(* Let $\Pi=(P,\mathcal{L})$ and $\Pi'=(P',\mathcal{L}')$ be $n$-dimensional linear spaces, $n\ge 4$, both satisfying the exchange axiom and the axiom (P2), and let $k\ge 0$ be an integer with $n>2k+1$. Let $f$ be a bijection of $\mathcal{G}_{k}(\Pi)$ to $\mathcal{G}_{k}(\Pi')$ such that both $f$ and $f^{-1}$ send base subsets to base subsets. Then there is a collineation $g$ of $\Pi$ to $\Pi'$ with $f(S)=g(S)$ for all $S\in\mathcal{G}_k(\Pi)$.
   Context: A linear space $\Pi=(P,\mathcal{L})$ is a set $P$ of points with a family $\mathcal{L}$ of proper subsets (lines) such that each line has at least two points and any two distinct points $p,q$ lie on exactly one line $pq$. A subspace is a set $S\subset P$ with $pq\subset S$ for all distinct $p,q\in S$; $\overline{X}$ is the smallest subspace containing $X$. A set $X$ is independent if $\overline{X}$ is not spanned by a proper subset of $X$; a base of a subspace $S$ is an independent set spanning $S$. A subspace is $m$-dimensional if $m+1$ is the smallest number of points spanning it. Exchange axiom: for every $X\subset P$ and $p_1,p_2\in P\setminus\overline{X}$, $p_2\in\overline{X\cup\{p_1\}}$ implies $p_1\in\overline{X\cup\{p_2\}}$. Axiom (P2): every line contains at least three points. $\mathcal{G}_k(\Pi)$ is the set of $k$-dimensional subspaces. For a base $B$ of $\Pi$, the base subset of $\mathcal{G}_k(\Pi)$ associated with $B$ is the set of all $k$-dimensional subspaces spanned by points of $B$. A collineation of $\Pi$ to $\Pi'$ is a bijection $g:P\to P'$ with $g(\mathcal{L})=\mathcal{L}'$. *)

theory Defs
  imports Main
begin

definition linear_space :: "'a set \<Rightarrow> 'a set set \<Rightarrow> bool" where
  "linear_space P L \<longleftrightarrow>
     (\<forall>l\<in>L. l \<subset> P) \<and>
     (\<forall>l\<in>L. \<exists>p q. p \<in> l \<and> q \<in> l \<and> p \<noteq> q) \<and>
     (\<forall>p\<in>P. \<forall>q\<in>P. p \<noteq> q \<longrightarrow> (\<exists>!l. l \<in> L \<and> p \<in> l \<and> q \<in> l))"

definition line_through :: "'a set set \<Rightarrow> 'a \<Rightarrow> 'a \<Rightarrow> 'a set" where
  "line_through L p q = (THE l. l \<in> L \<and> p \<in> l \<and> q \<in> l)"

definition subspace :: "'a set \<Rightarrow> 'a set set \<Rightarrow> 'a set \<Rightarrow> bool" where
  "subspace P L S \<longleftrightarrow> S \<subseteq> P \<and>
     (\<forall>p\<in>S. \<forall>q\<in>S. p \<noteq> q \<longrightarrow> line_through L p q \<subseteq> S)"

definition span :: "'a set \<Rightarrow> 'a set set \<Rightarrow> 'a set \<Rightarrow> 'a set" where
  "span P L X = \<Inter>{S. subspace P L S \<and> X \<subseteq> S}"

____

— REQUIREMENT —
Set down the line that contains "(\<forall>p\<in>P. \<forall>q\<in>P. p" exactly. Do the same for each later line of the data, through the end, and add nothing.

— EXPECTED ANSWER —
     (\<forall>p\<in>P. \<forall>q\<in>P. p \<noteq> q \<longrightarrow> (\<exists>!l. l \<in> L \<and> p \<in> l \<and> q \<in> l))"

definition line_through :: "'a set set \<Rightarrow> 'a \<Rightarrow> 'a \<Rightarrow> 'a set" where
  "line_through L p q = (THE l. l \<in> L \<and> p \<in> l \<and> q \<in> l)"

definition subspace :: "'a set \<Rightarrow> 'a set set \<Rightarrow> 'a set \<Rightarrow> bool" where
  "subspace P L S \<longleftrightarrow> S \<subseteq> P \<and>
     (\<forall>p\<in>S. \<forall>q\<in>S. p \<noteq> q \<longrightarrow> line_through L p q \<subseteq> S)"

definition span :: "'a set \<Rightarrow> 'a set set \<Rightarrow> 'a set \<Rightarrow> 'a set" where
  "span P L X = \<Inter>{S. subspace P L S \<and> X \<subseteq> S}"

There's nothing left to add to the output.